◆ **What is being asked**: A single figure is expected: how many lines of the data that follows contain the word "real".

*** Material supplied Section Begins ***

(* Let $\tau\subset\mathbb{Z}^4_{\ge0}$ be a B-facet which has a $1$-dimensional V-face $F$ that is not a B-face. Then $\tau$ is a $B_1$-facet, or a $B_2$-facet, or a flat border.
   Context: A polytope is a finite subset of $\mathbb{Z}^n$; its dimension is the dimension of its affine span; a face of a finite set $S$ is $S\cap G$ for a face $G$ of the convex hull of $S$. A $k$-simplex is a set of $k+1$ affinely independent points; a $k$-simplex $S\subset\mathbb{Z}^m_{\ge0}$ is a B-simplex if there is an index $i$ with exactly $k$ vertices in $\{x_i=0\}$ and the remaining vertex having $x_i=1$. A B-facet in $\mathbb{Z}^n_{\ge0}$ is a finite set $\tau\subset\mathbb{Z}^n_{\ge0}$ whose affine span is a hyperplane $\{\langle a,x\rangle=b\}$ with all $a_j>0$, such that every $(n-1)$-simplex with vertices in $\tau$ is a B-simplex. A face $F$ of $\tau$ is a V-face if it is contained in a coordinate subspace $E$ (linear span of some standard basis vectors) with $\dim E=\dim F+1$; such $F$ is a B-face if every $(\dim F)$-simplex with vertices in $F$ is a B-simplex when regarded as a subset of $\mathbb{Z}^{E}_{\ge0}\cong\mathbb{Z}^{\dim E}_{\ge0}$ (using only the coordinates of $E$). For $\tau\subset\mathbb{Z}^4_{\ge0}$: $\tau$ is a $B_1$-facet if for some $i$ exactly one point has nonzero $x_i$, with $x_i=1$; a $B_2$-facet if for some distinct $i,j$ all $x\in\tau$ have $(x_i,x_j)\in\{(0,0),(1,0),(0,1)\}$; a flat border if there are distinct $i,j$ and $C\in\tau$ with $C_i=C_j=1$ such that $\tau$ contains at least two distinct points with $x_i=x_j=0$ and every point of $\tau$ other than $C$ lies in $\{x_i=0\}\cup\{x_j=0\}$. *)

theory Defs
  imports "HOL-Analysis.Analysis"
begin

text \<open>Lattice points of Z^4_{>=0} are represented as points of real^4 all of whose
  coordinates are nonnegative integers.\<close>

type_synonym pt = "real ^ 4"

definition lattice_nonneg :: "pt \<Rightarrow> bool" where
  "lattice_nonneg x \<longleftrightarrow> (\<forall>i. x $ i \<in> \<int> \<and> x $ i \<ge> 0)"

definition is_simplex :: "nat \<Rightarrow> pt set \<Rightarrow> bool" where
  "is_simplex k S \<longleftrightarrow> finite S \<and> card S = k + 1 \<and> \<not> affine_dependent S"

text \<open>B-simplex condition, with the distinguished index ranging over the coordinate
  index set I (I = UNIV for the ambient space, I = the index set of E for a coordinate
  subspace E): exactly one vertex has x_i nonzero, and it has x_i = 1 (so the other
  k vertices lie in x_i = 0).\<close>
definition is_B_simplex_on :: "4 set \<Rightarrow> nat \<Rightarrow> pt set \<Rightarrow> bool" where
  "is_B_simplex_on I k S \<longleftrightarrow> is_simplex k S \<and>
     (\<exists>i\<in>I. \<exists>v\<in>S. v $ i = 1 \<and> (\<forall>w\<in>S. w \<noteq> v \<longrightarrow> w $ i = 0))"

definition is_B_facet :: "pt set \<Rightarrow> bool" where
  "is_B_facet \<tau> \<longleftrightarrow> finite \<tau> \<and> (\<forall>x\<in>\<tau>. lattice_nonneg x) \<and>
     (\<exists>a b. (\<forall>j. a $ j > 0) \<and> affine hull \<tau> = {x. a \<bullet> x = b}) \<and>
     (\<forall>S. S \<subseteq> \<tau> \<and> is_simplex 3 S \<longrightarrow> is_B_simplex_on UNIV 3 S)"

definition face_of_set :: "pt set \<Rightarrow> pt set \<Rightarrow> bool" where
  "face_of_set \<tau> F \<longleftrightarrow> (\<exists>G. G face_of convex hull \<tau> \<and> F = \<tau> \<inter> G)"

definition coord_subspace :: "4 set \<Rightarrow> pt set" where
  "coord_subspace I = span ((\<lambda>i. axis i (1::real)) ` I)"

definition V_face_wrt :: "pt set \<Rightarrow> pt set \<Rightarrow> 4 set \<Rightarrow> bool" where
  "V_face_wrt \<tau> F I \<longleftrightarrow> face_of_set \<tau> F \<and> F \<subseteq> coord_subspace I \<and>
     int (dim (coord_subspace I)) = aff_dim F + 1"

definition is_V_face :: "pt set \<Rightarrow> pt set \<Rightarrow> bool" where
  "is_V_face \<tau> F \<longleftrightarrow> (\<exists>I. V_face_wrt \<tau> F I)"

definition is_B_face :: "pt set \<Rightarrow> pt set \<Rightarrow> bool" where
  "is_B_face \<tau> F \<longleftrightarrow> (\<exists>I. V_face_wrt \<tau> F I \<and>
     (\<forall>S. S \<subseteq> F \<and> is_simplex (nat (aff_dim F)) S \<longrightarrow>
          is_B_simplex_on I (nat (aff_dim F)) S))"

definition is_B1_facet :: "pt set \<Rightarrow> bool" where
  "is_B1_facet \<tau> \<longleftrightarrow> (\<exists>i. \<exists>p\<in>\<tau>. p $ i = 1 \<and> (\<forall>q\<in>\<tau>. q \<noteq> p \<longrightarrow> q $ i = 0))"

definition is_B2_facet :: "pt set \<Rightarrow> bool" where
  "is_B2_facet \<tau> \<longleftrightarrow> (\<exists>i j. i \<noteq> j \<and>
     (\<forall>x\<in>\<tau>. (x $ i, x $ j) \<in> {(0,0),(1,0),(0,1)}))"

definition is_flat_border :: "pt set \<Rightarrow> bool" where
  "is_flat_border \<tau> \<longleftrightarrow> (\<exists>i j C. i \<noteq> j \<and> C \<in> \<tau> \<and> C $ i = 1 \<and> C $ j = 1 \<and>
     (\<exists>p\<in>\<tau>. \<exists>q\<in>\<tau>. p \<noteq> q \<and> p $ i = 0 \<and> p $ j = 0 \<and> q $ i = 0 \<and> q $ j = 0) \<and>
     (\<forall>x\<in>\<tau>. x \<noteq> C \<longrightarrow> x $ i = 0 \<or> x $ j = 0))"

end

theory Submission
  imports Defs
begin

text \<open>Let the V-face F lie in the coordinate plane x_k = x_l = 0 and let {p, q} \<subseteq> F be
  an edge that is not a B-simplex there. Since \<tau> spans a hyperplane with positive normal, a
  point of \<tau> is determined by any three of its coordinates. Hence, whenever r, s \<in> \<tau> have
  linearly independent (k, l)-projections, {p, q, r, s} is a 3-simplex whose B-index cannot be
  i or j, so in coordinate k or l one of r, s is 1 and the other is 0; such pairs exist because
  \<tau> spans the hyperplane. Playing this against the possible (k, l)-projections of \<tau> leaves
  three configurations: a unique point off some coordinate hyperplane (B_1), all projections in
  {(0, 0), (1, 0), (0, 1)} (B_2), or a point C with C_m = C_n = 1 such that every other point
  has x_m = 0 or x_n = 0 (flat border).\<close>

abbreviation coord_det :: "'n \<Rightarrow> 'n \<Rightarrow> real ^ 'n \<Rightarrow> real ^ 'n \<Rightarrow> real" where
  "coord_det k l x y \<equiv> x $ k * y $ l - x $ l * y $ k"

*** Material supplied Section Ends ***

◆ **Task answer**: 4